----- Records for this exercise -----
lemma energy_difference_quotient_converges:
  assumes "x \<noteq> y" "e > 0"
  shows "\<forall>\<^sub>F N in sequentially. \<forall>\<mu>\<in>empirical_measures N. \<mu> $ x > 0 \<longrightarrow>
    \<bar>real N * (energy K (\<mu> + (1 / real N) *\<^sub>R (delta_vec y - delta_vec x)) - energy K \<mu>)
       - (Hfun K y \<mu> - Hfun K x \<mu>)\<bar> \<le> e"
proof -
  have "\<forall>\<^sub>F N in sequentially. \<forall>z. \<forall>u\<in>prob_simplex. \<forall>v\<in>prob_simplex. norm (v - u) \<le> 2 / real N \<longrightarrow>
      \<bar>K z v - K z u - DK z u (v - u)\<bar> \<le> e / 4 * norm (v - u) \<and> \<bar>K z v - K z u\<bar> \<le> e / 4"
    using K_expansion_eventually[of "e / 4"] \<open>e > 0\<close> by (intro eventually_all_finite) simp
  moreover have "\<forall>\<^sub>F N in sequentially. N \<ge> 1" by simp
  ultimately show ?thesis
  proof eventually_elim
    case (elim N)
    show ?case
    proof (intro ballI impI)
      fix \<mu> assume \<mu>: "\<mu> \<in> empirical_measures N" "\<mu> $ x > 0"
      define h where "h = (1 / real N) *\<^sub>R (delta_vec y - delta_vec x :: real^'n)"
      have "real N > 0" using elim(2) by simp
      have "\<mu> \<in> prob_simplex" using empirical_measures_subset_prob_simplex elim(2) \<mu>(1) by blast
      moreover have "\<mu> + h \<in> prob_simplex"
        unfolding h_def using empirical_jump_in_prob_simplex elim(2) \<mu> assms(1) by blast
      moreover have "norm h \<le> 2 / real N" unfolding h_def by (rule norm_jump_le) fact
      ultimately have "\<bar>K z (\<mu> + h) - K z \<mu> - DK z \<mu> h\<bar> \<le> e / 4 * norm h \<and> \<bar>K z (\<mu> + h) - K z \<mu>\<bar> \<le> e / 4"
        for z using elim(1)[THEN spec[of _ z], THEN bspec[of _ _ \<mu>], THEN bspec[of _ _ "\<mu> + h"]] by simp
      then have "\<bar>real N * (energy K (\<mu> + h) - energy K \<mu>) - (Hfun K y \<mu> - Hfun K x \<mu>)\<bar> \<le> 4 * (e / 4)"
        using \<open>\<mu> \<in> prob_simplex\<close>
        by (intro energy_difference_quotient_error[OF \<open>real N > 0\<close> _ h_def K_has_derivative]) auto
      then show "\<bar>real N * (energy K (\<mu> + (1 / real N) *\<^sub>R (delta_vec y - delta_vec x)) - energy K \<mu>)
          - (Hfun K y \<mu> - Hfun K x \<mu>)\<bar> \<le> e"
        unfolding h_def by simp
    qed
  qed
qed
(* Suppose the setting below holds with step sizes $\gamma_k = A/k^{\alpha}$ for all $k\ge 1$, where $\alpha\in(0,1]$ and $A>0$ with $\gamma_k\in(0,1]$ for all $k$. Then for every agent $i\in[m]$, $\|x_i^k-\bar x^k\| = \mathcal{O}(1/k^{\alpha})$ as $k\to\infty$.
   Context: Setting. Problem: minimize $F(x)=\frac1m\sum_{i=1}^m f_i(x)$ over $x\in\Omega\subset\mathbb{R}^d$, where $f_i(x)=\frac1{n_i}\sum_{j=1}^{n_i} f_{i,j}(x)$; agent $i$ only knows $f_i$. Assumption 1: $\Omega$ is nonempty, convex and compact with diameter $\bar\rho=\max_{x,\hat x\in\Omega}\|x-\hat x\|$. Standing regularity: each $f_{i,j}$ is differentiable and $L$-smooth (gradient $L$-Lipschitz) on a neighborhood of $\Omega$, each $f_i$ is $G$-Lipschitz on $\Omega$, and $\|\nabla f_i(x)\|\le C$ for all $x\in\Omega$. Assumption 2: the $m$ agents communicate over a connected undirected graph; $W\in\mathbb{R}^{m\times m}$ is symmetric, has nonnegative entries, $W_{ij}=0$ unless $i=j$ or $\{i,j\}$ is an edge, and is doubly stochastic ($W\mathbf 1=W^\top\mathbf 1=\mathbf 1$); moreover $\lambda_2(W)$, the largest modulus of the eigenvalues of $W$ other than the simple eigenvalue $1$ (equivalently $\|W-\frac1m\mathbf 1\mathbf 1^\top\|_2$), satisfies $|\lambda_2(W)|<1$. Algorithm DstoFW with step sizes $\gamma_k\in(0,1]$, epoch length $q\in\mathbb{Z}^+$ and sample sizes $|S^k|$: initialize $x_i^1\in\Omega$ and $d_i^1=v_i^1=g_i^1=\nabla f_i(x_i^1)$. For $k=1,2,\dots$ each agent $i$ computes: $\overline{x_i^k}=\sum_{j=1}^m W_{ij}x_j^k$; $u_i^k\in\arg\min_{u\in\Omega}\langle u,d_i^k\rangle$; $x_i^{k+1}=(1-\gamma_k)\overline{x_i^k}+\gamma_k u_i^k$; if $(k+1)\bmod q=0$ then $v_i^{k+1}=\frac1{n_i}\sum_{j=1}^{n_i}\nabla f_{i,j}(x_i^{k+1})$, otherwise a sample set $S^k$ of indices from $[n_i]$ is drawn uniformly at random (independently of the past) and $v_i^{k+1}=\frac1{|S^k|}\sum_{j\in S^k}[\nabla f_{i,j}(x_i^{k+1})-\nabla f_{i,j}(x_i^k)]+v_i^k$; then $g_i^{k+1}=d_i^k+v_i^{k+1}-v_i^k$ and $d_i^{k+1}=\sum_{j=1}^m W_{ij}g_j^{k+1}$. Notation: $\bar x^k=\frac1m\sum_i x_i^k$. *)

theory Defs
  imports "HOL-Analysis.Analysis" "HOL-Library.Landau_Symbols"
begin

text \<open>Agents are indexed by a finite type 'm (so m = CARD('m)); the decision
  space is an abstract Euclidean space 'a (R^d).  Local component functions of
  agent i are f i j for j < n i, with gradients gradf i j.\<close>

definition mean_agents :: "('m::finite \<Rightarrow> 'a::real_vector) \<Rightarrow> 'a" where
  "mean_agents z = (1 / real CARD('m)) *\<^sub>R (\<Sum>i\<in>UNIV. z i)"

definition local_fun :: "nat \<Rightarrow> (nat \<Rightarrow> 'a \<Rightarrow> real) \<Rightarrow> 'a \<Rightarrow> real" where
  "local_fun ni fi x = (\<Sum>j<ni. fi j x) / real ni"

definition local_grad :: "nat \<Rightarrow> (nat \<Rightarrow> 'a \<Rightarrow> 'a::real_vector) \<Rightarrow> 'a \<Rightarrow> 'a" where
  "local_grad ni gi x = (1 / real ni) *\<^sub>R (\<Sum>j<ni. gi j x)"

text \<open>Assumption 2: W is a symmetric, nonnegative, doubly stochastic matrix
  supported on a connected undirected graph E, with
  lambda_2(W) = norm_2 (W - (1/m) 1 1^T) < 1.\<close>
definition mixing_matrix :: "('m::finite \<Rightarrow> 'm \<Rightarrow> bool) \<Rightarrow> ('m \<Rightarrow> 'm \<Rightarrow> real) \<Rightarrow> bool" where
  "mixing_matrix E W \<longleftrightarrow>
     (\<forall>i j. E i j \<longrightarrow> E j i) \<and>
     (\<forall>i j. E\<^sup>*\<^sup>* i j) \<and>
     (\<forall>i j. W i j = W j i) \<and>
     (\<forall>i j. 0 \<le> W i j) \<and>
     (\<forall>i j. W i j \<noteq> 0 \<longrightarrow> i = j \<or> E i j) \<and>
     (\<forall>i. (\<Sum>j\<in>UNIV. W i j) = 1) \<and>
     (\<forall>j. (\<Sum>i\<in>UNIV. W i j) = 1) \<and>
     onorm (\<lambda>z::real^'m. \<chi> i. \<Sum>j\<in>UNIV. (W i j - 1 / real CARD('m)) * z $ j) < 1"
-----
----- Records for this exercise -----
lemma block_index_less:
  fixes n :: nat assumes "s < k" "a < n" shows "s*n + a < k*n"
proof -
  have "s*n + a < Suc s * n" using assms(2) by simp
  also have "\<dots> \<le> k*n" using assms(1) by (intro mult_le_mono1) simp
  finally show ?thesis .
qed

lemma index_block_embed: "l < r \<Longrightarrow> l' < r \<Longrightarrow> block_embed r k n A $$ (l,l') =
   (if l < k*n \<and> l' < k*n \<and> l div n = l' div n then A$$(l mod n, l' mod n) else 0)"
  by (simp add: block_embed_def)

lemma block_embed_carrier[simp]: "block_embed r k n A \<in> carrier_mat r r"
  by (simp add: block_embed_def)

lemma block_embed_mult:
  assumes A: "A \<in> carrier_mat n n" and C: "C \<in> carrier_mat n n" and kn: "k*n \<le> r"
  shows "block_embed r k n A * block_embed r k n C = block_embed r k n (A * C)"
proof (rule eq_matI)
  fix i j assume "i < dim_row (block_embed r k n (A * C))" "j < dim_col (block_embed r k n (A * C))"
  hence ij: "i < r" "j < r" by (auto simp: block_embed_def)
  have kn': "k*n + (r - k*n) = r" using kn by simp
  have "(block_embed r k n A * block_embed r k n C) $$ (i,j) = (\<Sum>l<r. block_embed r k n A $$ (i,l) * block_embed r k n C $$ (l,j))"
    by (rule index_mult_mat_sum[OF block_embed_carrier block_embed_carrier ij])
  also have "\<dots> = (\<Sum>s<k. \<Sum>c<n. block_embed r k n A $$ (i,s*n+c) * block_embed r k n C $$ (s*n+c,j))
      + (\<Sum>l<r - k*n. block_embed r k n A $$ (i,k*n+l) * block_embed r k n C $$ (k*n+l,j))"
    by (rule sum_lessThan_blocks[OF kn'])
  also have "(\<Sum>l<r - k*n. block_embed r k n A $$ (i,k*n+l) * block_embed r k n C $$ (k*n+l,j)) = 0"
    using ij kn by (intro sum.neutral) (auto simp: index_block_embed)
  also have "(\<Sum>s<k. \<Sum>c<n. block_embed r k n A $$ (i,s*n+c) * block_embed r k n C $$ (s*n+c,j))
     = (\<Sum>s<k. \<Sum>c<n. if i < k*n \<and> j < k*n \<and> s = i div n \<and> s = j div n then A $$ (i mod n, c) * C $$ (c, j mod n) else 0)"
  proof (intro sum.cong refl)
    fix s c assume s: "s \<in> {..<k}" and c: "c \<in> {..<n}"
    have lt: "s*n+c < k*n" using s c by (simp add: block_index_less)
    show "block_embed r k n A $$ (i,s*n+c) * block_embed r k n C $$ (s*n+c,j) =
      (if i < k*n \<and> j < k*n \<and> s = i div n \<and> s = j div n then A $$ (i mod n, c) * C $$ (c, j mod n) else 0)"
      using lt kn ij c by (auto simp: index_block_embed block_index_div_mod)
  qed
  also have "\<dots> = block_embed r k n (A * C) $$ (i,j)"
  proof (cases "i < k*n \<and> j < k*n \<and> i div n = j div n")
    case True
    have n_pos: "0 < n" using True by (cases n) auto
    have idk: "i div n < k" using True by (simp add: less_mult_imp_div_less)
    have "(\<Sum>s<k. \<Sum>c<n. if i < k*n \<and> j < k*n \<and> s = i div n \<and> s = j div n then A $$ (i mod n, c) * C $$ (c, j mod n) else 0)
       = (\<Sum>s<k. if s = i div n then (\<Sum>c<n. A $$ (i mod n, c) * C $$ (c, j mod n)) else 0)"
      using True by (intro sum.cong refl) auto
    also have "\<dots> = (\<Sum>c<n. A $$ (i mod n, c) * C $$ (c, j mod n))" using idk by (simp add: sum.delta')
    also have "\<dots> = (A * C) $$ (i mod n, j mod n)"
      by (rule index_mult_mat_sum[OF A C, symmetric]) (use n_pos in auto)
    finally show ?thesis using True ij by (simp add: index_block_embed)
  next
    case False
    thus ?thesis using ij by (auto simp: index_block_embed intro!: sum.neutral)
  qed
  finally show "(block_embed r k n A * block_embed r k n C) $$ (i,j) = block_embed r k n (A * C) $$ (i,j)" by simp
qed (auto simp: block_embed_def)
-----
> **What you will do**
Every line in the data above that contains the word "UNIV" counts; report how many there are and nothing more.

> **Solution**
4